Gustav Paulay, invertebrate zoology curator at the Florida Museum of Natural History, describes what it takes to create and build a museum marine invertebrate collection. The Florida Museum’s nationally renowned collection is also the country’s fastest growing. Paulay also explains a museum project to create a genetic barcode for every specimen in the collection.
Interview and videos produced by Ricky Telg for Explore Research at the University of Florida.
Transcript
Gustav Paulay: Life comes and goes, and even if you can go out and study it again, it’s very useful to be able to sort of compare things in your hands among different parts of the diversity of life and also different parts of the world. So in order to do that we have collections, and we can go to the collections and see, for example, a particular kind of clam or a particular kind of sea star that lives around the world and has different species of different areas, and you can compare them right away.

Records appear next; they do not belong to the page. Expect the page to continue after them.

(* Let $F$ be a field, $4\le n<\infty$, and let $\varphi$ be an almost identity PC-map of $\mathrm{UT}(n,F)$. For $u=(u_1,\dots,u_{n-1})\in F^{n-1}$ (a row) put $a_u=\begin{pmatrix}1&u\\0&e_{n-1}\end{pmatrix}=e+\sum_{j=2}^{n}u_{j-1}e_{1j}$. Then there is a function $f:F^{n-1}\to F$ such that $\varphi(a_u)=a_u\,t_{1n}(f(u))$ for all $u$, and $f(u)=0$ whenever $u_1=u_2=0$.
   Context: $\mathrm{UT}(n,F)$ is the group of upper unitriangular $n\times n$ matrices over $F$; $e$ (or $e_m$) is the identity matrix, $e_{ij}$ the matrix unit, $t_{ij}(\alpha)=e+\alpha e_{ij}$ ($i<j$). $[x,y]=xyx^{-1}y^{-1}$. A PC-map is a bijection $\varphi$ of the group with $\varphi([x,y])=[\varphi(x),\varphi(y)]$ for all $x,y$; it is almost identity if $\varphi(t_{ij}(\alpha))=t_{ij}(\alpha)$ for all $i<j$, $\alpha\in F$. *)

theory Defs
  imports "Jordan_Normal_Form.Matrix"
begin

text \<open>Indices are 0-based: paper's entry (i,j) with 1 \<le> i,j \<le> n is entry (i-1,j-1) here.\<close>

definition UT :: "nat \<Rightarrow> ('a::field) mat set" where
  "UT n = {A \<in> carrier_mat n n. (\<forall>i<n. A $$ (i,i) = 1) \<and> (\<forall>i<n. \<forall>j<i. A $$ (i,j) = 0)}"

definition ut_inv :: "nat \<Rightarrow> ('a::field) mat \<Rightarrow> 'a mat" where
  "ut_inv n A = (THE B. B \<in> carrier_mat n n \<and> A * B = 1\<^sub>m n \<and> B * A = 1\<^sub>m n)"

definition comm :: "nat \<Rightarrow> ('a::field) mat \<Rightarrow> 'a mat \<Rightarrow> 'a mat" where
  "comm n x y = x * y * ut_inv n x * ut_inv n y"

definition tr :: "nat \<Rightarrow> nat \<Rightarrow> nat \<Rightarrow> ('a::field) \<Rightarrow> 'a mat" where
  "tr n i j \<alpha> = mat n n (\<lambda>(k,l). (if k = l then 1 else 0) + (if k = i \<and> l = j then \<alpha> else 0))"

definition PC_map :: "nat \<Rightarrow> (('a::field) mat \<Rightarrow> 'a mat) \<Rightarrow> bool" where
  "PC_map n \<phi> \<longleftrightarrow> bij_betw \<phi> (UT n) (UT n) \<and>
     (\<forall>x\<in>UT n. \<forall>y\<in>UT n. \<phi> (comm n x y) = comm n (\<phi> x) (\<phi> y))"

How useful it is depends really on how much material you have in terms of diversity, in terms of spatial and temporal coverage, and in terms of the ways these samples have been prepared. So a good collection will have coverage of much of the diversity of the planet. In terms of the Florida Museum of Natural History or invertebrate collections are noteworthy for a number of reasons. One, our mollusk collection is the second largest in the country and our invertebrates collections in general are in the top five, and it’s definitely the most rapidly growing collection in the country because we have a more active field program than anybody else, which means that we get fresh samples that are DNA sequenceable in larger numbers than anybody else does. So we have become a focus of genetic taxonomy because we have the material and we bring in more and more material to allow this kind of work to be done.
These are the invertebrate zoology collections of the Florida Museum of Natural History, both on the right and on the left you have formed collections that are in pickle, mostly in alcohol, including crabs and and sea stars and so forth, and then starting here you have dry collections, mostly seashells and land shells and dry material like that. All together the collection holds close to half a million lots of specimens or representing approximately three to four million specimens.
One of the projects that we have recently received funding for from the Sloan Foundation was to barcode our collection. Genetic barcoding is where you take a particular chunk of DNA that’s very useful for species identification and use that to identify organisms, and again you have to build this library so that this sequence of DNA is not just a sequence of DNA, but it’s tied to a specimen and an identification. We are the major collection in the US for this effort.